Cross Posted at Legal Schnauzer
Campus Crest Communities has a business plan that sounds so splendid you want to slap your forehead and say, "Why didn't I think of that?"
Founders of the Charlotte-based company realized several years ago that America's colleges and universities faced a shortage of dormitory space. Many on-campus dorms had grown outdated, and such facilities are increasingly expensive to build. Plus, today's prospective college students, raised on the Internet, cable TV, and electronic devices, are turned off by the cramped and spartan dorm rooms of yesteryear. They want amenities, and they want them now.
Ted Rollins, founder and CEO of Campus Crest, had an idea: His company would replace the blah, publicly built dorms of yesterday with the privately built, "fully loaded" student housing of tomorrow. Wall Street loved the idea so much that Campus Crest completed a $380-million IPO in late 2010, and it now has almost 30 properties around the country, including one that is planned for Auburn University here in Alabama.
How could this idea not be a smash hit? After all, private enterprise always is more efficient than government. That's what conservatives have been telling us for years, right?
Well, conservatives might want to check out the latest news about Campus Crest Communities before taking that idea to the bank.

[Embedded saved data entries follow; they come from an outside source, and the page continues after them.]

(* Let $t$ be a ground term (well-formed tree) over a ranked alphabet in which no node is labelled with the same unary letter as its father. Apply to $t$: the chain compression for the set of unary letters of $t$; then, for a partition $\Gamma_1,\Gamma_2$ of the set of unary letters of the resulting tree, the $(\Gamma_1,\Gamma_2)$ pair compression, yielding $t'$; then the leaf compression for $(\Gamma_{\ge 1},\Gamma_0)$, where $\Gamma_0$ is the set of constants and $\Gamma_{\ge1}$ the set of other letters of $t'$, yielding $t''$. Then for some partition $\Gamma_1,\Gamma_2$ it holds that $|t''| < \frac{3|t|}{4}$.
   Context: $|t|$ denotes the number of nodes. A tree is well-formed if each node labelled $f$ has exactly $\mathrm{ar}(f)$ ordered children; unary letters have arity $1$, constants arity $0$. For a unary letter $a$, an $a$-maximal chain is a maximal (upward and downward) sequence of nodes $v_1,\dots,v_\ell$ labelled $a$ with $v_{j+1}$ the child of $v_j$. Chain compression for $\Gamma$: simultaneously for all $a\in\Gamma$ and $\ell\ge1$, replace each $a$-maximal chain of length $\ell$ by one node labelled by a fresh unary letter $a_\ell$ (keeping the father and the child). $(\Gamma_1,\Gamma_2)$ pair compression, for disjoint sets of unary letters: every node labelled $a\in\Gamma_1$ whose child is labelled $b\in\Gamma_2$ is merged with that child into a single node labelled by a fresh unary letter $c_{ab}$; done for all such pairs simultaneously. Leaf compression for $(\Gamma_{\ge1},\Gamma_0)$: every node labelled $f\in\Gamma_{\ge1}$ of arity $m$ whose children at exactly the positions $i_1<\dots<i_\ell$ are leaves labelled by constants $a_1,\dots,a_\ell\in\Gamma_0$ is relabelled by a fresh letter $f'$ (depending on $f,i_1,a_1,\dots,i_\ell,a_\ell$) of arity $m-\ell$ and these children are deleted; done simultaneously for all nodes. All fresh letters are new. *)

theory Defs
  imports Main
begin

datatype 'a tree = Node 'a "'a tree list"

fun root :: "'a tree \<Rightarrow> 'a" where
  "root (Node f ts) = f"

fun children :: "'a tree \<Rightarrow> 'a tree list" where
  "children (Node f ts) = ts"

fun tsize :: "'a tree \<Rightarrow> nat" where
  "tsize (Node f ts) = Suc (sum_list (map tsize ts))"

fun subtrees :: "'a tree \<Rightarrow> 'a tree set" where
  "subtrees (Node f ts) = insert (Node f ts) (\<Union>t\<in>set ts. subtrees t)"

fun wellformed :: "('a \<Rightarrow> nat) \<Rightarrow> 'a tree \<Rightarrow> bool" where
  "wellformed ar (Node f ts) = (length ts = ar f \<and> (\<forall>t\<in>set ts. wellformed ar t))"

definition letters :: "'a tree \<Rightarrow> 'a set" where
  "letters t = root ` subtrees t"

definition unary_letters :: "('a \<Rightarrow> nat) \<Rightarrow> 'a tree \<Rightarrow> 'a set" where
  "unary_letters ar t = {f \<in> letters t. ar f = 1}"

definition constants :: "('a \<Rightarrow> nat) \<Rightarrow> 'a tree \<Rightarrow> 'a set" where
  "constants ar t = {f \<in> letters t. ar f = 0}"

definition nonconstants :: "('a \<Rightarrow> nat) \<Rightarrow> 'a tree \<Rightarrow> 'a set" where
  "nonconstants ar t = {f \<in> letters t. ar f \<ge> 1}"

definition no_unary_repeat :: "('a \<Rightarrow> nat) \<Rightarrow> 'a tree \<Rightarrow> bool" where
  "no_unary_repeat ar t =
     (\<forall>s\<in>subtrees t. ar (root s) = 1 \<longrightarrow> (\<forall>c\<in>set (children s). root c \<noteq> root s))"

text \<open>Fresh letters are built by constructors, hence distinct from the original
  letters (Orig) and from each other: ChainL a l is a_l, PairL a b is c_ab,
  LeafL f [(i1,a1),...,(il,al)] is f' (positions counted from 0).\<close>
datatype 'a lab = Orig 'a | ChainL "'a lab" nat | PairL "'a lab" "'a lab"
  | LeafL "'a lab" "(nat \<times> 'a lab) list"

fun lar :: "('a \<Rightarrow> nat) \<Rightarrow> 'a lab \<Rightarrow> nat" where
  "lar ar (Orig f) = ar f"
| "lar ar (ChainL a l) = 1"
| "lar ar (PairL a b) = 1"
| "lar ar (LeafL f ps) = lar ar f - length ps"

fun clen :: "'b \<Rightarrow> 'b tree \<Rightarrow> nat" where
  "clen a (Node b [c]) = (if b = a then Suc (clen a c) else 0)"
| "clen a (Node b ts) = 0"

text \<open>The option argument is the label of the father if the current node
  continues the father's chain (then it is absorbed into the chain node).\<close>
fun chain_comp' :: "'a lab set \<Rightarrow> 'a lab option \<Rightarrow> 'a lab tree \<Rightarrow> 'a lab tree" where
  "chain_comp' G p (Node f ts) =
     (case ts of
        [c] \<Rightarrow> (if f \<in> G then
                  (if p = Some f then chain_comp' G (Some f) c
                   else Node (ChainL f (clen f (Node f [c]))) [chain_comp' G (Some f) c])
                else Node f [chain_comp' G None c])
      | _ \<Rightarrow> Node f (map (chain_comp' G None) ts))"

definition chain_comp :: "'a lab set \<Rightarrow> 'a lab tree \<Rightarrow> 'a lab tree" where
  "chain_comp G t = chain_comp' G None t"

fun pair_comp :: "'a lab set \<Rightarrow> 'a lab set \<Rightarrow> 'a lab tree \<Rightarrow> 'a lab tree" where
  "pair_comp G1 G2 (Node a ts) =
     (case ts of
        [Node b us] \<Rightarrow>
          (if a \<in> G1 \<and> b \<in> G2 then Node (PairL a b) (map (pair_comp G1 G2) us)
           else Node a [pair_comp G1 G2 (Node b us)])
      | _ \<Rightarrow> Node a (map (pair_comp G1 G2) ts))"

definition is_const_leaf :: "'b set \<Rightarrow> 'b tree \<Rightarrow> bool" where
  "is_const_leaf G0 s = (children s = [] \<and> root s \<in> G0)"

fun leaf_comp :: "'a lab set \<Rightarrow> 'a lab set \<Rightarrow> 'a lab tree \<Rightarrow> 'a lab tree" where
  "leaf_comp G1 G0 (Node f ts) =
     (let ps = [(i, root (ts ! i)). i \<leftarrow> [0..<length ts], is_const_leaf G0 (ts ! i)] in
      if f \<in> G1 \<and> ps \<noteq> [] then
        Node (LeafL f ps) (map (leaf_comp G1 G0) (filter (\<lambda>s. \<not> is_const_leaf G0 s) ts))
      else Node f (map (leaf_comp G1 G0) ts))"

end

theory Submission
  imports Defs
begin

text \<open>Without repeated unary letters every maximal chain has length 1, so chain compression
  merely renames letters and the tree keeps its shape. Let \<open>n\<close> be its number of nodes, \<open>L\<close> its
  number of leaves and \<open>E\<close> the number of edges joining two unary nodes. There are fewer
  branching nodes than leaves, and every unary node either sits above another unary node or
  above a leaf or branching node; this gives \<open>n + 2 \<le> 4 L + E\<close>. All \<open>E\<close> edges join distinct
  letters, so a uniformly random partition \<open>(\<Gamma>\<^sub>1, \<Gamma>\<^sub>2)\<close> of the unary letters puts a given edge
  into \<open>\<Gamma>\<^sub>1 \<times> \<Gamma>\<^sub>2\<close> with probability 1/4; fix a partition doing so for at least \<open>E / 4\<close> edges.
  Pair compression then removes one node per such edge, and leaf compression removes all
  \<open>L\<close> leaves, leaving at most \<open>n - E/4 - L \<le> 3n/4 - 1/2\<close> nodes.\<close>

lemma subtrees_refl: "t \<in> subtrees t"
  by (cases t) auto

lemma subtrees_trans: "s \<in> subtrees t \<Longrightarrow> u \<in> subtrees s \<Longrightarrow> u \<in> subtrees t"
  by (induction t) auto

lemma child_in_subtrees: "c \<in> set ts \<Longrightarrow> c \<in> subtrees (Node f ts)"
  by (auto intro: subtrees_refl)

lemma children_in_subtrees: "s \<in> subtrees t \<Longrightarrow> c \<in> set (children s) \<Longrightarrow> c \<in> subtrees t"
  by (cases s) (auto intro: subtrees_trans child_in_subtrees)

lemma finite_subtrees: "finite (subtrees t)"
  by (induction t) auto

lemma sum_list_add_pointwise:
  "(\<And>x. x \<in> set xs \<Longrightarrow> f x + g x = h x) \<Longrightarrow>
   sum_list (map f xs) + sum_list (map g xs) = (sum_list (map h xs) :: 'b :: comm_monoid_add)"
  by (simp add: sum_list_addf[symmetric] cong: map_cong)

lemma tsize_children: "tsize t = Suc (\<Sum>c\<leftarrow>children t. tsize c)"
  by (cases t) simp

lemma wellformed_subtree: "wellformed ar t \<Longrightarrow> s \<in> subtrees t \<Longrightarrow> wellformed ar s"
  by (induction t) auto

lemma length_children_wellformed: "wellformed ar s \<Longrightarrow> length (children s) = ar (root s)"
  by (cases s) auto

lemma root_in_letters: "s \<in> subtrees t \<Longrightarrow> root s \<in> letters t"
  unfolding letters_def by auto

lemma letters_subtree: "s \<in> subtrees t \<Longrightarrow> letters s \<subseteq> letters t"
  unfolding letters_def by (auto intro: subtrees_trans)

lemma no_unary_repeat_subtree: "no_unary_repeat ar t \<Longrightarrow> s \<in> subtrees t \<Longrightarrow> no_unary_repeat ar s"
  unfolding no_unary_repeat_def by (auto intro: subtrees_trans)

lemma subtrees_map_tree: "subtrees (map_tree h t) = map_tree h ` subtrees t"
  by (induction t) auto

lemma root_map_tree: "root (map_tree h s) = h (root s)"
  by (cases s) auto

lemma children_map_tree: "children (map_tree h s) = map (map_tree h) (children s)"
  by (cases s) auto

lemma letters_map_tree: "letters (map_tree h t) = h ` letters t"
  unfolding letters_def subtrees_map_tree by (auto simp: root_map_tree image_image)

lemma tsize_map_tree: "tsize (map_tree h t) = tsize t"
  by (induction t) (simp add: comp_def cong: map_cong)

lemma wellformed_map_tree:
  "(\<And>f. ar' (h f) = ar f) \<Longrightarrow> wellformed ar t \<Longrightarrow> wellformed ar' (map_tree h t)"
  by (induction t) auto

One of Campus Crest's newest properties under The Grove brand opened August 20 at the University of North Texas. Three young men were injured on September 3 when a third-floor balcony collapsed at The Grove in Denton, Texas, and they fell to the parking lot below. (See missing balcony in photo above.) One of the men was listed in serious condition, and all had injuries that are believed to be non-life threatening.